The researchers also found that LV diastolic dysfunction grade I (aHR = 2.36; 95% CI, 1.17-4.74), II (aHR = 2.58; 95% CI, 1.42-4.66) and III (aHR = 4.41; 95% CI, 2.37-8.2) were independent predictors of 1-year mortality.

“Treatment of [aortic stenosis] before LV [diastolic dysfunction] has developed may be beneficial. However, optimal timing of TAVR in patients with [aortic stenosis] needs to be investigated in prospective clinical studies,” they wrote.

Timing of procedure

In an accompanying editorial, Patricia A. Pellikka, MD, and Ratnasari Padang, MBBS, PhD, from the department of cardiovascular disease at the Mayo Clinic in Rochester, Minnesota, wrote that “potentially life-saving treatments such as TAVR must be administered before it’s too late. AVR should occur prior to the development of myocyte death, myocardial fibrosis and advanced [diastolic dysfunction] which attenuate the long-term benefit of valve replacement.

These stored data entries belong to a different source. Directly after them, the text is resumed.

(* Let $n,m$ be positive integers. Consider the map sending $f\in\mathcal{A}([n];m)$ (a $P$-partition of the $n$-element antichain with $|f(i)|\le m$ for all $i$) to the following sequence of card placements of a lazy $m$-shelf shuffler: for $i=1,2,\ldots,n$ in turn, card $i$ is placed on shelf $|f(i)|$, on top of the cards already on that shelf if $f(i)$ is barred, and below the cards already on that shelf if $f(i)$ is unbarred. This map is a bijection between $\mathcal{A}([n];m)$ and the set of outcomes (sequences of card placements) of the lazy $m$-shelf shuffler, and the resulting order of the deck from top to bottom is $\pi(f)(1),\pi(f)(2),\ldots,\pi(f)(n)$, where $\pi(f)$ is the sorting permutation of $f$.
   Context: Integers are written $\ldots,\bar 2,\bar 1,0,1,2,\ldots$ with $\bar i=-i$, totally ordered by $0<_{\mathbb Z}\bar1<_{\mathbb Z}1<_{\mathbb Z}\bar2<_{\mathbb Z}2<_{\mathbb Z}\cdots$, and $|\bar j|=j$. A $P$-partition of the antichain $[n]$ (no relations) is any function $f:[n]\to\mathbb Z$; $\mathcal{A}([n];m)$ is the set of such $f$ with $|f(i)|\le m$ for all $i$. The sorting permutation $\pi=\pi(f)\in S_n$ is the unique permutation (viewed as the total order $\pi(1)<_\pi\cdots<_\pi\pi(n)$) such that: if $f(i)<_{\mathbb Z}f(j)$ then $i<_\pi j$; if $i<j$ and $f(i)=f(j)\in\{0,1,2,\ldots\}$ then $i<_\pi j$; if $i<j$ and $f(i)=f(j)\in\{\bar1,\bar2,\ldots\}$ then $j<_\pi i$. Lazy $m$-shelf shuffler: a deck with cards labeled $1,\ldots,n$ from top to bottom; cards are taken in order $1,2,\ldots,n$; each card is placed either on shelf $0$ (always below the cards already there) or on one of shelves $1,\ldots,m$, either on top of or below the cards already there (so there are $2m+1$ choices per card). At the end the piles are stacked with shelf $0$ on top, then shelf $1$, ..., shelf $m$ at the bottom. An outcome is the sequence of choices made for cards $1,\ldots,n$. *)

theory Defs
  imports "HOL-Library.FuncSet" "HOL-Combinatorics.Permutations"
begin

text \<open>Barred integers are represented by negative ints: bar j = -j.
  The total order 0 < bar 1 < 1 < bar 2 < 2 < ... is given by the key below.\<close>

definition zkey :: "int \<Rightarrow> int" where
  "zkey x = 2 * \<bar>x\<bar> - (if x < 0 then 1 else 0)"

definition zless :: "int \<Rightarrow> int \<Rightarrow> bool" where
  "zless x y \<longleftrightarrow> zkey x < zkey y"

definition Apart :: "nat \<Rightarrow> nat \<Rightarrow> (nat \<Rightarrow> int) set" where
  "Apart n m = {f \<in> {1..n} \<rightarrow>\<^sub>E UNIV. \<forall>i\<in>{1..n}. \<bar>f i\<bar> \<le> int m}"

text \<open>Sorting permutation: pi permutes {1..n}; the total order is
  pi(1) <_pi ... <_pi pi(n), i.e. i <_pi j iff inv pi i < inv pi j.\<close>
definition is_sorting_perm :: "nat \<Rightarrow> (nat \<Rightarrow> int) \<Rightarrow> (nat \<Rightarrow> nat) \<Rightarrow> bool" where
  "is_sorting_perm n f \<pi> \<longleftrightarrow> \<pi> permutes {1..n} \<and>
     (\<forall>i\<in>{1..n}. \<forall>j\<in>{1..n}.
        (zless (f i) (f j) \<longrightarrow> inv \<pi> i < inv \<pi> j) \<and>
        (i < j \<and> f i = f j \<and> f i \<ge> 0 \<longrightarrow> inv \<pi> i < inv \<pi> j) \<and>
        (i < j \<and> f i = f j \<and> f i < 0 \<longrightarrow> inv \<pi> j < inv \<pi> i))"

definition sorting_perm :: "nat \<Rightarrow> (nat \<Rightarrow> int) \<Rightarrow> (nat \<Rightarrow> nat)" where
  "sorting_perm n f = (THE \<pi>. is_sorting_perm n f \<pi>)"

text \<open>A single card placement is a pair (shelf, on_top).  Shelf 0 only allows
  placement below, encoded as (0, False); shelves 1..m allow both.\<close>
definition choices :: "nat \<Rightarrow> (nat \<times> bool) set" where
  "choices m = {(0, False)} \<union> {(s, b). 1 \<le> s \<and> s \<le> m}"

definition outcomes :: "nat \<Rightarrow> nat \<Rightarrow> (nat \<Rightarrow> nat \<times> bool) set" where
  "outcomes n m = {1..n} \<rightarrow>\<^sub>E choices m"

fun deal :: "(nat \<Rightarrow> nat \<times> bool) \<Rightarrow> nat \<Rightarrow> (nat \<Rightarrow> nat list)" where
  "deal c 0 = (\<lambda>_. [])"
| "deal c (Suc k) = (let S = deal c k; s = fst (c (Suc k)) in
     S(s := (if snd (c (Suc k)) then Suc k # S s else S s @ [Suc k])))"

text \<open>Final deck, top to bottom: shelf 0 on top, ..., shelf m at bottom.\<close>
definition deck :: "nat \<Rightarrow> nat \<Rightarrow> (nat \<Rightarrow> nat \<times> bool) \<Rightarrow> nat list" where
  "deck n m c = concat (map (deal c n) [0..<Suc m])"

definition to_outcome :: "nat \<Rightarrow> (nat \<Rightarrow> int) \<Rightarrow> (nat \<Rightarrow> nat \<times> bool)" where
  "to_outcome n f = (\<lambda>i\<in>{1..n}. (nat \<bar>f i\<bar>, f i < 0))"

end

theory Submission
  imports Defs "HOL-Library.Product_Lexorder"
begin

(* A card placed on top of shelf s lies above everything already there, a card placed below
   lies underneath, so in the end shelf s holds, from top to bottom, the cards i with
   f(i) = bar s in decreasing order followed by those with f(i) = s in increasing order.
   Hence the deck lists [n] increasingly for the lexicographic key (zkey (f i), -i or i
   according as f(i) is barred or not), and the order of these keys is precisely the order
   <_pi defining the sorting permutation; since a permutation is determined by the list of
   its values, the deck is pi(f)(1), ..., pi(f)(n). The map to outcomes is invertible
   because shelf 0 admits only the placement below, just as 0 has no barred version. *)

lemma sorted_wrt_upt_iff:
  "sorted_wrt P [a..<b] \<longleftrightarrow> (\<forall>x y. a \<le> x \<longrightarrow> x < y \<longrightarrow> y < b \<longrightarrow> P x y)"
  by (induction b) (auto simp: sorted_wrt_append less_Suc_eq)

lemma sorted_wrt_filter_mono:
  "sorted_wrt R xs \<Longrightarrow> (\<And>x y. Q x \<Longrightarrow> Q y \<Longrightarrow> R x y \<Longrightarrow> P x y) \<Longrightarrow> sorted_wrt P (filter Q xs)"
  by (induction xs) auto

lemma sorted_wrt_concat:
  "sorted_wrt P (concat xss) \<longleftrightarrow>
     (\<forall>xs\<in>set xss. sorted_wrt P xs) \<and> sorted_wrt (\<lambda>xs ys. \<forall>x\<in>set xs. \<forall>y\<in>set ys. P x y) xss"
  by (induction xss) (auto simp: sorted_wrt_append)

lemma ex_permutes_map_eq:
  assumes "distinct xs" "distinct ys" "set xs = set ys"
  shows "\<exists>\<pi>. \<pi> permutes set ys \<and> map \<pi> ys = xs"
proof -
  have len: "length xs = length ys"
    using assms by (metis distinct_card)
  define \<pi> where "\<pi> = permutation_of_list (zip ys xs)"
  have "list_permutes (zip ys xs) (set ys)"
    using assms len by (intro list_permutesI) auto
  then have "\<pi> permutes set ys"
    unfolding \<pi>_def by (rule permutation_of_list_permutes)
  moreover have "map \<pi> ys = xs"
  proof (rule nth_equalityI)
    fix i assume "i < length (map \<pi> ys)"
    then have "(ys ! i, xs ! i) \<in> set (zip ys xs)"
      using len by (auto simp: in_set_zip)
    then show "map \<pi> ys ! i = xs ! i"
      using \<open>i < length (map \<pi> ys)\<close> assms(2) len
      by (auto simp: \<pi>_def intro: permutation_of_list_unique')
  qed (simp add: len)
  ultimately show ?thesis by blast
qed

lemma permutes_eq_if_map_eq:
  assumes "\<pi> permutes set xs" "\<sigma> permutes set xs" "map \<pi> xs = map \<sigma> xs"
  shows "\<pi> = \<sigma>"
proof
  fix x show "\<pi> x = \<sigma> x"
    using assms by (cases "x \<in> set xs") (auto simp: permutes_not_in)
qed

lemma permutes_sorted_by_key_iff:
  fixes k :: "nat \<Rightarrow> 'a::linorder"
  assumes \<pi>: "\<pi> permutes {1..n}" and k: "inj_on k {1..n}"
  shows "sorted_wrt (<) (map (k \<circ> \<pi>) [1..<Suc n]) \<longleftrightarrow>
           (\<forall>i\<in>{1..n}. \<forall>j\<in>{1..n}. k i < k j \<longrightarrow> inv \<pi> i < inv \<pi> j)"
proof -
  have "(\<forall>i\<in>{1..n}. \<forall>j\<in>{1..n}. k i < k j \<longrightarrow> inv \<pi> i < inv \<pi> j) \<longleftrightarrow>
        (\<forall>a\<in>{1..n}. \<forall>b\<in>{1..n}. k (\<pi> a) < k (\<pi> b) \<longrightarrow> a < b)"
  proof (intro iffI ballI impI)
    fix a b assume "\<forall>i\<in>{1..n}. \<forall>j\<in>{1..n}. k i < k j \<longrightarrow> inv \<pi> i < inv \<pi> j"
      and "a \<in> {1..n}" "b \<in> {1..n}" "k (\<pi> a) < k (\<pi> b)"
    then show "a < b"
      using \<pi> by (metis permutes_in_image permutes_inverses(2))
  next
    fix i j assume "\<forall>a\<in>{1..n}. \<forall>b\<in>{1..n}. k (\<pi> a) < k (\<pi> b) \<longrightarrow> a < b"
      and "i \<in> {1..n}" "j \<in> {1..n}" "k i < k j"
    moreover have "inv \<pi> i \<in> {1..n}" "inv \<pi> j \<in> {1..n}"
      using \<open>i \<in> {1..n}\<close> \<open>j \<in> {1..n}\<close> permutes_in_image[OF permutes_inv[OF \<pi>]] by auto
    ultimately show "inv \<pi> i < inv \<pi> j"
      by (simp add: permutes_inverses(1)[OF \<pi>])
  qed
  also have "\<dots> \<longleftrightarrow> (\<forall>a\<in>{1..n}. \<forall>b\<in>{1..n}. a < b \<longrightarrow> k (\<pi> a) < k (\<pi> b))"
  proof -
    have "k (\<pi> a) \<noteq> k (\<pi> b)" if "a \<in> {1..n}" "b \<in> {1..n}" "a \<noteq> b" for a b
      using that inj_onD[OF k] permutes_inj[OF \<pi>] permutes_in_image[OF \<pi>] by (metis injD)
    then show ?thesis by (metis linorder_neqE order_less_asym)
  qed
  also have "\<dots> \<longleftrightarrow> sorted_wrt (<) (map (k \<circ> \<pi>) [1..<Suc n])"
    unfolding sorted_wrt_map sorted_wrt_upt_iff by auto
  finally show ?thesis ..
qed

lemma inj_zkey: "inj zkey"
  unfolding inj_def zkey_def by (auto split: if_splits simp: abs_if; presburger)

definition sort_key :: "(nat \<Rightarrow> int) \<Rightarrow> nat \<Rightarrow> int \<times> int" where
  "sort_key f i = (zkey (f i), if f i < 0 then - int i else int i)"

lemma inj_sort_key: "inj (sort_key f)"
  by (rule injI) (auto simp: sort_key_def dest: injD[OF inj_zkey] split: if_splits)

lemma sort_key_less_iff:
  "sort_key f i < sort_key f j \<longleftrightarrow>
     zless (f i) (f j) \<or> (f i = f j \<and> (0 \<le> f i \<and> i < j \<or> f i < 0 \<and> j < i))"
  by (auto simp: sort_key_def zless_def less_prod_def le_less inj_eq[OF inj_zkey])

lemma is_sorting_perm_iff_sort_key:
  "is_sorting_perm n f \<pi> \<longleftrightarrow> \<pi> permutes {1..n} \<and>
     (\<forall>i\<in>{1..n}. \<forall>j\<in>{1..n}. sort_key f i < sort_key f j \<longrightarrow> inv \<pi> i < inv \<pi> j)"
  unfolding is_sorting_perm_def sort_key_less_iff by (intro conj_cong refl iffI; auto)

lemma sorting_perm_eqI:
  assumes sorted: "sorted_wrt (<) (map (sort_key f) xs)" and set: "set xs = {1..n}"
  shows "map (sorting_perm n f) [1..<Suc n] = xs"
proof -
  define I where "I = [1..<Suc n]"
  have set_I: "set I = {1..n}" and "distinct I"
    unfolding I_def by auto
  have sorting_iff: "is_sorting_perm n f \<sigma> \<longleftrightarrow>
      \<sigma> permutes {1..n} \<and> sorted_wrt (<) (map (sort_key f) (map \<sigma> I))" for \<sigma>
    using permutes_sorted_by_key_iff[of \<sigma> n "sort_key f"] inj_on_subset[OF inj_sort_key, of "{1..n}" f]
    by (auto simp: is_sorting_perm_iff_sort_key I_def)
  have "distinct xs"
    using sorted by (simp add: strict_sorted_iff distinct_map)
  then obtain \<pi> where \<pi>: "\<pi> permutes {1..n}" "map \<pi> I = xs"
    using ex_permutes_map_eq[of xs I] \<open>distinct I\<close> set set_I by auto
  have unique: "\<sigma> = \<pi>" if "is_sorting_perm n f \<sigma>" for \<sigma>
  proof -
    have \<sigma>: "\<sigma> permutes {1..n}" "sorted_wrt (<) (map (sort_key f) (map \<sigma> I))"
      using that sorting_iff by simp_all
    have "set (map \<sigma> I) = set xs"
      using permutes_image[OF \<sigma>(1)] set_I set by simp
    then have "map (sort_key f) (map \<sigma> I) = map (sort_key f) xs"
      using strict_sorted_equal[OF sorted \<sigma>(2)] by (metis list.set_map)
    then have "map \<sigma> I = map \<pi> I"
      using \<pi>(2) inj_map_eq_map[OF inj_sort_key] by metis
    then show "\<sigma> = \<pi>"
      using permutes_eq_if_map_eq \<sigma>(1) \<pi>(1) set_I by metis
  qed
  have "is_sorting_perm n f \<pi>"
    using sorted \<pi>(1) unfolding sorting_iff \<pi>(2)[symmetric] by simp
  then have "sorting_perm n f = \<pi>"
    unfolding sorting_perm_def using unique by (rule the_equality)
  then show ?thesis
    using \<pi>(2) by (simp add: I_def)
qed

lemma deal_eq_filter:
  "deal c k s =
     rev (filter (\<lambda>i. c i = (s, True)) [1..<Suc k]) @ filter (\<lambda>i. c i = (s, False)) [1..<Suc k]"
proof (induction k)
  case (Suc k)
  obtain t b where c: "c (Suc k) = (t, b)"
    by fastforce
  have "[1..<Suc (Suc k)] = [1..<Suc k] @ [Suc k]"
    by simp
  then show ?case
    using Suc.IH by (cases b; cases "s = t") (simp_all add: c Let_def del: upt_Suc)
qed simp

lemma set_deal: "set (deal c k s) = {i \<in> {1..k}. fst (c i) = s}"
  by (auto simp: deal_eq_filter prod_eq_iff)

definition placement_key :: "(nat \<Rightarrow> nat \<times> bool) \<Rightarrow> nat \<Rightarrow> int \<times> int" where
  "placement_key c i =
     (2 * int (fst (c i)) - of_bool (snd (c i)), if snd (c i) then - int i else int i)"

lemma sorted_deal: "sorted_wrt (\<lambda>i j. placement_key c i < placement_key c j) (deal c k s)"
  unfolding deal_eq_filter sorted_wrt_append sorted_wrt_rev
proof (intro conjI)
  show "sorted_wrt (\<lambda>i j. placement_key c j < placement_key c i)
          (filter (\<lambda>i. c i = (s, True)) [1..<Suc k])"
    by (rule sorted_wrt_filter_mono[OF sorted_wrt_upt]) (simp add: placement_key_def)
  show "sorted_wrt (\<lambda>i j. placement_key c i < placement_key c j)
          (filter (\<lambda>i. c i = (s, False)) [1..<Suc k])"
    by (rule sorted_wrt_filter_mono[OF sorted_wrt_upt]) (simp add: placement_key_def)
qed (auto simp: placement_key_def)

“Echocardiography, a safe, noninvasive, widely available tool, will continue to play a central role in guiding therapeutic decisions; continued refinements to echocardiographic assessment of cardiac function will enhance our care of patients with [aortic stenosis],” they wrote. – by Dave Quaile

Disclosures: Asami, Pellikka and Padang report no relevant financial disclosures. Please see the study for all other authors’ relevant financial disclosures.